С юга, от Тихого океана, грозно простер огромные крыла черный архангел. Но все равно; гроза таит в себе будущее умиротворение… Его страстная любовь к Ивонне (совсем неважно, была ли она хорошей актрисой или нет, все равно; он не покривил душой, когда сказал, что во всех его фильмах она сыграла бы просто великолепно) непостижимым образом пробудила тогда в душе воспоминание о том, как он впервые шел один по лугам из Сен-Пре, сонного французского селения, где он тогда жил, с его тихими заводями, плотинами и серыми, заброшенными водяными мельницами, и у него на глазах, медленно, волшебно, сверкая неописуемой красотой, над жнивьем полей, где волновались под ветром полевые цветы, воздвигся, осиянный солнцем, подобно тому, как из века в век представал он взору паломников, шедших по этим самым полям, сдвоенный шпиль Шартрского собора.
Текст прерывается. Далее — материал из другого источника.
lemma aug_surj: "\<exists>c\<in>Pmod Hom 0 m. aug Hom m c = a"
proof
  show "(\<lambda>\<phi>. a * basis_vec (vertex m) \<phi>) \<in> Pmod Hom 0 m"
    by (auto simp: Pmod_iff basis_vec_def vertex_in_Hom)
  show "aug Hom m (\<lambda>\<phi>. a * basis_vec (vertex m) \<phi>) = a"
    by (simp add: aug_def basis_vec_def of_bool_def if_distrib finite_Hom vertex_in_Hom cong: if_cong)
qed

theorem proj_resolution: "proj_resolution TYPE('x) TYPE('y) obj Hom ud"
  unfolding proj_resolution_def
  by (intro conjI allI impI ballI lmod_P projective_P lmod_hom_dP klinear_aug aug_actP aug_surj
      exact_at_0 exact_at)

end

section \<open>The semi-simplex category\<close>

lemma finite_Hom_D: "finite (Hom_D n m)"
proof -
  have "Hom_D n m \<subseteq> PiE {0..n} (\<lambda>_. {0..m})" by (auto simp: Hom_D_def)
  then show ?thesis by (rule finite_subset) (simp add: finite_PiE)
qed

lemma finite_hom_category_D: "finite_hom_category obj_D Hom_D"
proof
  show "finite (Hom_D n m)" for n m by (rule finite_Hom_D)
  show "\<phi> \<in> Hom_D n m \<Longrightarrow> \<phi> \<in> PiE (obj_D n) (\<lambda>_. obj_D m)" for \<phi> n m
    by (simp add: Hom_D_def obj_D_def)
  show "(\<lambda>x\<in>obj_D n. x) \<in> Hom_D n n" for n
    by (auto simp: Hom_D_def obj_D_def strict_mono_on_def)
  show "compose (obj_D n) \<psi> \<phi> \<in> Hom_D n p" if "\<phi> \<in> Hom_D n m" "\<psi> \<in> Hom_D m p" for \<phi> \<psi> n m p
    using that by (auto simp: Hom_D_def obj_D_def strict_mono_on_def compose_def PiE_iff)
qed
Любовь подарила ему мир, но слишком краткий, странно похожий на колдовское очарование Шартра, где он когда-то, давным-давно, был влюблен в каждую улочку и в то кафе, откуда он мог смотреть на собор, вечно плывущий среди облаков, очарование, которое не могла разрушить даже неотвязная мысль о том, что он бессовестно задолжал хозяину. Мсье Ляруэль быстрыми шагами шел ко дворцу. И через пятнадцать лет здесь, в Куаунауаке, это новое очарование не могли разрушить никакие покаянные мысли о судьбе, постигшей консула! В сущности, думал мсье Ляруэль, с консулом их опять сблизило на какое-то время, после отъезда Ивонны, вовсе не взаимное раскаяние. Пожалуй, по крайней мере отчасти, то была скорей жажда мнимого облегчения, вроде того, какое испытываешь, ковыряя больной зуб, и они, по молчаливому уговору, делали вид, будто Ивонна все еще здесь.
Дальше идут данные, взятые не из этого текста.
definition prec :: "('q, 'm) qmod \<Rightarrow> 'q set \<Rightarrow> 'm \<Rightarrow> 'm \<Rightarrow> bool" where
  "prec M F a b \<longleftrightarrow> (\<exists>n\<ge>1. precn M F n a b)"

definition localizable :: "('q, 'm) qmod \<Rightarrow> 'q set \<Rightarrow> bool" where
  "localizable M F \<longleftrightarrow>
     (\<forall>b\<in>mcar M. \<exists>n\<ge>1. \<forall>a\<in>mcar M. prec M F a b \<longrightarrow> precn M F n a b)"

definition cls :: "('q, 'm) qmod \<Rightarrow> 'q set \<Rightarrow> 'm \<Rightarrow> 'm set" where
  "cls M F a = {b \<in> mcar M. prec M F a b \<and> prec M F b a}"

definition loc :: "('q, 'm) qmod \<Rightarrow> 'q set \<Rightarrow> ('q, 'm set) qmod" where
  "loc M F = \<lparr> mcar = cls M F ` mcar M,
     mle = (\<lambda>X Y. \<exists>a\<in>mcar M. \<exists>b\<in>mcar M. X = cls M F a \<and> Y = cls M F b \<and> prec M F a b),
     mact = (\<lambda>q X. cls M F (mact M q (SOME a. a \<in> X))) \<rparr>"

end

theory Submission
  imports Defs
begin

text \<open>Write H = F + G. Every element of H lies above a product f g with f in F and g in G, so
  a one-step H-witness (c_i, s_i) for x below y gives the one-step G-witness ([g_i c_i], g_i) for
  [x] below [y] in M_F, because f_i (g_i c_i) <= s_i c_i <= y. Conversely, a one-step G-witness
  in M_F lifts to representatives; since F is localizable, joins in M_F are classes of joins in M,
  which turns the lifted witness into an F-H-F chain. Hence x <=_H y iff [x] <=_G [y] in M_F,
  with chain lengths preserved from M to M_F. This transfers localizability of H over M to G over
  M_F and makes [x]_H |-> [[x]_F]_G a well-defined order isomorphism commuting with the action.\<close>

lemma is_lub_in: "is_lub A le S x \<Longrightarrow> x \<in> A"
  and is_lub_upper: "is_lub A le S x \<Longrightarrow> s \<in> S \<Longrightarrow> le s x"
  and is_lub_least: "is_lub A le S x \<Longrightarrow> y \<in> A \<Longrightarrow> (\<And>s. s \<in> S \<Longrightarrow> le s y) \<Longrightarrow> le x y"
  unfolding is_lub_def by blast+

lemma is_lub_unique: "poset_on A le \<Longrightarrow> is_lub A le S x \<Longrightarrow> is_lub A le S y \<Longrightarrow> x = y"
  unfolding poset_on_def is_lub_def by blast

lemma is_lub_subset_le: "is_lub A le S x \<Longrightarrow> is_lub A le T y \<Longrightarrow> S \<subseteq> T \<Longrightarrow> le x y"
  unfolding is_lub_def by blast

lemma is_lub_singleton: "poset_on A le \<Longrightarrow> x \<in> A \<Longrightarrow> is_lub A le {x} x"
  unfolding poset_on_def is_lub_def by blast

lemma is_lub_pair: "poset_on A le \<Longrightarrow> a \<in> A \<Longrightarrow> b \<in> A \<Longrightarrow> le a b \<Longrightarrow> is_lub A le {a, b} b"
  unfolding poset_on_def is_lub_def by blast

lemma order_iso_is_lub:
  assumes bij: "bij_betw f A B" and le_iff: "\<And>x y. x \<in> A \<Longrightarrow> y \<in> A \<Longrightarrow> leB (f x) (f y) \<longleftrightarrow> leA x y"
    and "S \<subseteq> A" and lub: "is_lub A leA S x"
  shows "is_lub B leB (f ` S) (f x)"
proof -
  have x: "x \<in> A" using lub by (rule is_lub_in)
  have "leB (f x) y" if y: "y \<in> B" and ub: "\<forall>t\<in>f ` S. leB t y" for y
  proof -
    obtain y' where y': "y' \<in> A" "y = f y'" using y bij by (auto simp: bij_betw_def)
    have "leA x y'" using is_lub_least[OF lub y'(1)] ub y' le_iff \<open>S \<subseteq> A\<close> by blast
    then show ?thesis using le_iff x y' by blast
  qed
  moreover have "f x \<in> B" using bij x by (auto simp: bij_betw_def)
  ultimately show ?thesis
    using is_lub_upper[OF lub] le_iff x \<open>S \<subseteq> A\<close> unfolding is_lub_def by blast
qed

lemma order_iso_inv_le_iff:
  assumes bij: "bij_betw f A B" and le_iff: "\<And>x y. x \<in> A \<Longrightarrow> y \<in> A \<Longrightarrow> leB (f x) (f y) \<longleftrightarrow> leA x y"
    and "u \<in> B" "v \<in> B"
  shows "leA (inv_into A f u) (inv_into A f v) \<longleftrightarrow> leB u v"
  using assms le_iff[of "inv_into A f u" "inv_into A f v"]
  by (simp add: bij_betw_def inv_into_into f_inv_into_f)

lemma module_hom_if_order_iso:
  assumes bij: "bij_betw f (mcar M) (mcar N)"
    and le_iff: "\<And>x y. x \<in> mcar M \<Longrightarrow> y \<in> mcar M \<Longrightarrow> mle N (f x) (f y) \<longleftrightarrow> mle M x y"
    and act: "\<And>q x. q \<in> qcar Q \<Longrightarrow> x \<in> mcar M \<Longrightarrow> f (mact M q x) = mact N q (f x)"
  shows "module_hom Q M N f"
  unfolding module_hom_def
  using order_iso_is_lub[where leA = "mle M" and leB = "mle N", OF bij le_iff] act bij
  by (auto simp: bij_betw_def)

lemma module_iso_if_order_iso:
  assumes bij: "bij_betw f (mcar M) (mcar N)"
    and le_iff: "\<And>x y. x \<in> mcar M \<Longrightarrow> y \<in> mcar M \<Longrightarrow> mle N (f x) (f y) \<longleftrightarrow> mle M x y"
    and act_in: "\<And>q x. q \<in> qcar Q \<Longrightarrow> x \<in> mcar M \<Longrightarrow> mact M q x \<in> mcar M"
    and act: "\<And>q x. q \<in> qcar Q \<Longrightarrow> x \<in> mcar M \<Longrightarrow> f (mact M q x) = mact N q (f x)"
  shows "module_iso Q M N f"
proof -
  have inj: "inj_on f (mcar M)" and surj: "f ` mcar M = mcar N"
    using bij by (simp_all add: bij_betw_def)
  have "inv_into (mcar M) f (mact N q y) = mact M q (inv_into (mcar M) f y)"
    if q: "q \<in> qcar Q" and y: "y \<in> mcar N" for q y
  proof -
    obtain x where x: "x \<in> mcar M" "y = f x" using y surj by blast
    then show ?thesis using act[OF q x(1), symmetric] act_in[OF q x(1)] inv_into_f_f[OF inj] by simp
  qed
  then have "module_hom Q N M (inv_into (mcar M) f)"
    using module_hom_if_order_iso[OF bij_betw_inv_into[OF bij]]
      order_iso_inv_le_iff[where leA = "mle M" and leB = "mle N", OF bij le_iff]
    by blast
  then show ?thesis
    unfolding module_iso_def using bij module_hom_if_order_iso[OF bij le_iff act] by blast
qed

lemma prec1I:
  assumes "a \<in> mcar M" "b \<in> mcar M" "P \<subseteq> mcar M \<times> F" "P \<noteq> {}"
    "is_lub (mcar M) (mle M) (fst ` P) j" "mle M a j" "\<And>c s. (c, s) \<in> P \<Longrightarrow> mle M (mact M s c) b"
  shows "prec1 M F a b"
  unfolding prec1_def using assms by blast

lemma prec1E:
  assumes "prec1 M F a b"
  obtains P j where "a \<in> mcar M" "b \<in> mcar M" "P \<subseteq> mcar M \<times> F" "P \<noteq> {}"
    "is_lub (mcar M) (mle M) (fst ` P) j" "mle M a j" "\<And>c s. (c, s) \<in> P \<Longrightarrow> mle M (mact M s c) b"
  using assms unfolding prec1_def by blast

lemma prec1_filter_mono: "F \<subseteq> F' \<Longrightarrow> prec1 M F a b \<Longrightarrow> prec1 M F' a b"
  unfolding prec1_def by (meson Sigma_mono order_refl order_trans)

lemma precn_filter_mono: "F \<subseteq> F' \<Longrightarrow> precn M F n a b \<Longrightarrow> precn M F' n a b"
  by (induction n arbitrary: b) (auto dest: prec1_filter_mono)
…А ведь этого было вполне довольно, чтобы побудить их обоих бежать из Куаунауака хоть на край света! Но они остались здесь. И теперь мсье Ляруэль чувствовал, как тяжесть пережитого наваливается на него извне, словно воплотясь каким-то образом в окрестные багряные горы, такие загадочные, непостижимые, хранящие в своих недрах серебряные жилы, такие далекие и в то же время близкие, такие недвижные, наделенные странной безотрадной, всеподавляющей силой, которая буквально приковала его к здешним краям и была бременем, бременем многих переживаний, но более всего – бременем скорби.
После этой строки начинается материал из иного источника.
lemma has_derivative_nonpos_at_left_max:
  fixes \<psi> :: "real \<Rightarrow> real"
  assumes deriv: "(\<psi> has_derivative (\<lambda>t. t * c)) (at 0 within {0..1})"
    and max: "\<And>t. t \<in> {0..1} \<Longrightarrow> \<psi> t \<le> \<psi> 0"
  shows "c \<le> 0"
proof (rule ccontr)
  assume "\<not> c \<le> 0"
  then obtain r where "r > 0" and r: "\<And>t. t \<in> {0..1} \<Longrightarrow> norm (t - 0) < r \<Longrightarrow>
      norm (\<psi> t - \<psi> 0 - (t - 0) * c) \<le> c / 2 * norm (t - 0)"
    using deriv unfolding has_derivative_within_alt by (metis half_gt_zero not_le)
  define t where "t = min (r / 2) 1"
  have t: "t > 0" "t \<in> {0..1}" "norm (t - 0) < r" using \<open>r > 0\<close> by (auto simp: t_def)
  have "\<bar>\<psi> t - \<psi> 0 - t * c\<bar> \<le> c / 2 * t" using r[OF t(2,3)] t by simp
  then have "t * c \<le> c / 2 * t" using max[OF t(2)] unfolding abs_le_iff by linarith
  then show False using t(1) \<open>\<not> c \<le> 0\<close> by (simp add: mult.commute)
qed

lemma norm_sgn_diff_le:
  fixes a b :: "'a::real_normed_vector"
  assumes "a \<noteq> 0" and "b \<noteq> 0"
  shows "norm (sgn a - sgn b) \<le> 2 * norm (a - b) / norm b"
proof -
  have coef: "1 / norm b + (norm b - norm a) / (norm a * norm b) = 1 / norm a"
    using assms by (simp add: field_simps)
  have "sgn a - sgn b = (1 / norm b + (norm b - norm a) / (norm a * norm b)) *\<^sub>R a - (1 / norm b) *\<^sub>R b"
    unfolding coef by (simp add: sgn_div_norm inverse_eq_divide)
  also have "\<dots> = (1 / norm b) *\<^sub>R (a - b) + ((norm b - norm a) / (norm a * norm b)) *\<^sub>R a"
    by (simp add: algebra_simps)
  also have "norm \<dots> \<le> norm (a - b) / norm b + \<bar>norm b - norm a\<bar> / norm b"
    using assms by (intro order.trans[OF norm_triangle_ineq]) (simp add: abs_mult)
  also have "\<dots> = (norm (a - b) + \<bar>norm b - norm a\<bar>) / norm b"
    by (simp add: add_divide_distrib)
  also have "\<dots> \<le> 2 * norm (a - b) / norm b"
    using norm_triangle_ineq3[of b a] by (intro divide_right_mono) (auto simp: norm_minus_commute)
  finally show ?thesis .
qed

lemma int_vec_sgn_dense:
  fixes u :: "real^'n"
  assumes "norm u = 1" and "0 < \<delta>"
  obtains k :: "int^'n" where "int_vec k \<noteq> 0" and "norm (sgn (int_vec k) - u) < \<delta>"
proof -
  define C where "C = real CARD('n)"
  have "0 < C" by (simp add: C_def)
  obtain j :: nat where "C / \<delta> + C < real j" using reals_Archimedean2 by blast
  then have "C < real j" "C < real j * \<delta>"
    using \<open>0 < C\<close> \<open>0 < \<delta>\<close> pos_divide_less_eq[OF \<open>0 < \<delta>\<close>, of C "real j"]
    by (smt (verit) divide_pos_pos)+
  define k where "k = (\<chi> i. round (real j * u$i))"
  define b where "b = real j *\<^sub>R u"
  have "norm b = real j" using assms by (simp add: b_def)
  have "norm (int_vec k - b) \<le> (\<Sum>i\<in>UNIV. \<bar>(int_vec k - b)$i\<bar>)" by (rule norm_le_l1_cart)
  also have "\<dots> \<le> (\<Sum>i\<in>(UNIV::'n set). 1 / 2)"
    using of_int_round_abs_le by (intro sum_mono) (simp add: int_vec_def k_def b_def)
  finally have kb: "norm (int_vec k - b) \<le> C / 2" by (simp add: C_def)
  have "b \<noteq> 0" using \<open>norm b = real j\<close> \<open>C < real j\<close> \<open>0 < C\<close> by auto
  moreover have "int_vec k \<noteq> 0"
    using kb \<open>norm b = real j\<close> \<open>C < real j\<close> \<open>0 < C\<close> by auto
  ultimately have "norm (sgn (int_vec k) - sgn b) \<le> 2 * norm (int_vec k - b) / norm b"
    by (rule norm_sgn_diff_le[rotated])
  also have "\<dots> \<le> C / real j"
    using kb \<open>norm b = real j\<close> \<open>C < real j\<close> \<open>0 < C\<close> by (simp add: divide_right_mono)
  also have "\<dots> < \<delta>"
    using \<open>C < real j * \<delta>\<close> \<open>C < real j\<close> \<open>0 < C\<close> by (simp add: divide_less_eq mult.commute)
  finally have "norm (sgn (int_vec k) - sgn b) < \<delta>" .
  moreover have "sgn b = u"
    using \<open>norm b = real j\<close> \<open>C < real j\<close> \<open>0 < C\<close> by (simp add: sgn_div_norm b_def)
  ultimately show ?thesis using that \<open>int_vec k \<noteq> 0\<close> by simp
qed

lemma cSUP_eq_approx:
  fixes \<phi> :: "'a \<Rightarrow> real"
  assumes upper: "\<And>a. a \<in> A \<Longrightarrow> \<phi> a \<le> c" and approx: "\<And>\<epsilon>. 0 < \<epsilon> \<Longrightarrow> \<exists>a\<in>A. c - \<epsilon> < \<phi> a"
  shows "(SUP a\<in>A. \<phi> a) = c"
proof (rule cSup_eq_non_empty)
  show "\<phi> ` A \<noteq> {}" using approx[of 1] by auto
  show "\<And>y. y \<in> \<phi> ` A \<Longrightarrow> y \<le> c" using upper by auto
  show "c \<le> y" if "\<And>z. z \<in> \<phi> ` A \<Longrightarrow> z \<le> y" for y
  proof (rule field_le_epsilon)
    fix \<epsilon> :: real assume "0 < \<epsilon>"
    then obtain a where "a \<in> A" "c - \<epsilon> < \<phi> a" using approx by blast
    then show "c \<le> y + \<epsilon>" using that[of "\<phi> a"] by auto
  qed
qed

lemma cINF_eq_approx:
  fixes \<phi> :: "'a \<Rightarrow> real"
  assumes lower: "\<And>a. a \<in> A \<Longrightarrow> c \<le> \<phi> a" and approx: "\<And>\<epsilon>. 0 < \<epsilon> \<Longrightarrow> \<exists>a\<in>A. \<phi> a < c + \<epsilon>"
  shows "(INF a\<in>A. \<phi> a) = c"
proof (rule cInf_eq_non_empty)
  show "\<phi> ` A \<noteq> {}" using approx[of 1] by auto
  show "\<And>y. y \<in> \<phi> ` A \<Longrightarrow> c \<le> y" using lower by auto
  show "y \<le> c" if "\<And>z. z \<in> \<phi> ` A \<Longrightarrow> y \<le> z" for y
  proof (rule field_le_epsilon)
    fix \<epsilon> :: real assume "0 < \<epsilon>"
    then obtain a where "a \<in> A" "\<phi> a < c + \<epsilon>" using approx by blast
    then show "y \<le> c + \<epsilon>" using that[of "\<phi> a"] by auto
  qed
qed

definition open_orthant :: "(real^'n) set" where
  "open_orthant = {p. \<forall>i. 0 < p$i}"

lemma open_open_orthant: "open open_orthant"
proof -
  have "open_orthant = (\<Inter>i\<in>UNIV. {p::real^'n. 0 < p$i})" by (auto simp: open_orthant_def)
  then show ?thesis by (metis open_INT finite open_halfspace_component_gt_cart)
qed

lemma open_orthant_subset: "open_orthant \<subseteq> orthant"
  by (auto simp: open_orthant_def orthant_def less_imp_le)

lemma open_orthant_nonzero: "p \<in> open_orthant \<Longrightarrow> p \<noteq> 0"
  by (auto simp: open_orthant_def)

lemma at_within_orthant: "p \<in> open_orthant \<Longrightarrow> at p within orthant = at p"
  by (metis at_within_interior interior_maximal open_open_orthant open_orthant_subset subsetD)

lemma closed_orthant: "closed (orthant :: (real^'n) set)"
proof -
  have "orthant = (\<Inter>i\<in>UNIV. {p::real^'n. 0 \<le> p$i})" by (auto simp: orthant_def)
  then show ?thesis by (metis closed_INT closed_halfspace_component_ge_cart)
qed

lemma orthant_scaleR: "p \<in> orthant \<Longrightarrow> 0 \<le> t \<Longrightarrow> t *\<^sub>R p \<in> orthant"
  by (auto simp: orthant_def)

lemma open_orthant_add_orthant: "p \<in> open_orthant \<Longrightarrow> q \<in> orthant \<Longrightarrow> p + q \<in> open_orthant"
  by (auto simp: orthant_def open_orthant_def add_pos_nonneg)

lemma one_in_open_orthant: "1 \<in> open_orthant"
  by (simp add: open_orthant_def)

lemma inner_orthant_nonneg: "p \<in> orthant \<Longrightarrow> q \<in> orthant \<Longrightarrow> 0 \<le> p \<bullet> q"
  by (auto simp: inner_vec_def orthant_def intro!: sum_nonneg)

section \<open>Toric profile functions\<close>

locale toric =
  fixes f :: "real^'n \<Rightarrow> real" and d :: real
  assumes d_pos: "0 < d" and profile: "toric_profile f d"
begin

lemma continuous_on_f: "continuous_on orthant f"
  using profile by (simp add: toric_profile_def)

lemma f_nonneg: "p \<in> orthant \<Longrightarrow> 0 \<le> f p"
  using profile by (simp add: toric_profile_def)

lemma f_pos: "p \<in> orthant \<Longrightarrow> p \<noteq> 0 \<Longrightarrow> 0 < f p"
  using profile by (simp add: toric_profile_def)

lemma f_homogeneous: "p \<in> orthant \<Longrightarrow> 0 < t \<Longrightarrow> f (t *\<^sub>R p) = t powr d * f p"
  using profile by (simp add: toric_profile_def)

lemma grad_nonzero: "p \<in> level_set f \<Longrightarrow> grad f p \<noteq> 0"
  using profile by (simp add: toric_profile_def)

lemma unit_normal_in_orthant: "p \<in> level_set f \<Longrightarrow> unit_normal f p \<in> orthant"
  using profile by (simp add: toric_profile_def)

lemma f_zero: "f 0 = 0"
proof -
  have "f 0 = 2 powr d * f 0" using f_homogeneous[of 0 2] by (simp add: orthant_def)
  moreover have "2 powr d \<noteq> (1::real)" using d_pos by simp
  ultimately show ?thesis by (metis mult_cancel_right1)
qed

lemma level_set_nonzero: "p \<in> level_set f \<Longrightarrow> p \<noteq> 0"
  using f_zero by (auto simp: level_set_def)

definition gauge :: "real^'n \<Rightarrow> real" where
  "gauge x = f x powr (1 / d)"

lemma gauge_nonneg: "0 \<le> gauge x"
  by (simp add: gauge_def)

lemma gauge_pos: "x \<in> orthant \<Longrightarrow> x \<noteq> 0 \<Longrightarrow> 0 < gauge x"
  using f_pos[of x] by (simp add: gauge_def)

lemma gauge_powr: "x \<in> orthant \<Longrightarrow> gauge x powr d = f x"
  using f_nonneg d_pos by (simp add: gauge_def powr_powr)

lemma gauge_homogeneous: "x \<in> orthant \<Longrightarrow> 0 < t \<Longrightarrow> gauge (t *\<^sub>R x) = t * gauge x"
  using f_nonneg d_pos by (simp add: gauge_def f_homogeneous powr_mult powr_powr)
Он миновал поле, где у изгороди, на склоне стоял допотопный синий фордик, облезлый и совершенно разбитый; чтобы он не покатился вниз, под передние колеса были подложены два кирпича. Чего ты ждешь, хотелось спросить у него, потому что мсье Ляруэль испытывал некую близость, некое чувство единения с этим старым, видавшим виды помятым автомобилем… «Милый, зачем я уехала? Зачем ты отпустил меня?» Эти слова в почтовой открытке, пришедшей слишком поздно, были обращены не к мсье Ляруэлю, эту открытку консул злоумышленно сунул ему под подушку, улучив мгновение, в то последнее утро, – но как выведать, когда именно улучил он мгновение? – словно он все заранее рассчитал, зная, что мсье Ляруэль найдет ее в ту самую секунду, когда обезумевший от горя Хью позвонит из Париана. Париан! Справа вздымались стены тюрьмы. На сторожевой вышке, едва выступавшей над стенами, двое дозорных смотрели в бинокли на восток и на запад. Мсье Ляруэль перешел по мосту реку и двинулся напрямик, через лес, к большой поляне, расчищенной, видимо, под ботанический сад. С юга стаями летели птицы: маленькие, черные, уродливые птицы, непомерно длинные, с неуклюжими хвостами, в них было что-то от чудовищных насекомых и что-то от воронья, они рыскали и подпрыгивали на лету, с мучительным трудом рассекая воздух. Сейчас, как и всякий вечер, они отчаянно хлопали крыльями, возмущая тихие сумерки, спешили к своим гнездам на темных деревьях посреди городской площади, которую они до глубокой ночи будут оглашать неумолчными, сверлящими слух, бездушными криками. Вся эта толкучая, омерзительная нежить умчалась прочь. Когда он подошел ко дворцу, солнце уже село.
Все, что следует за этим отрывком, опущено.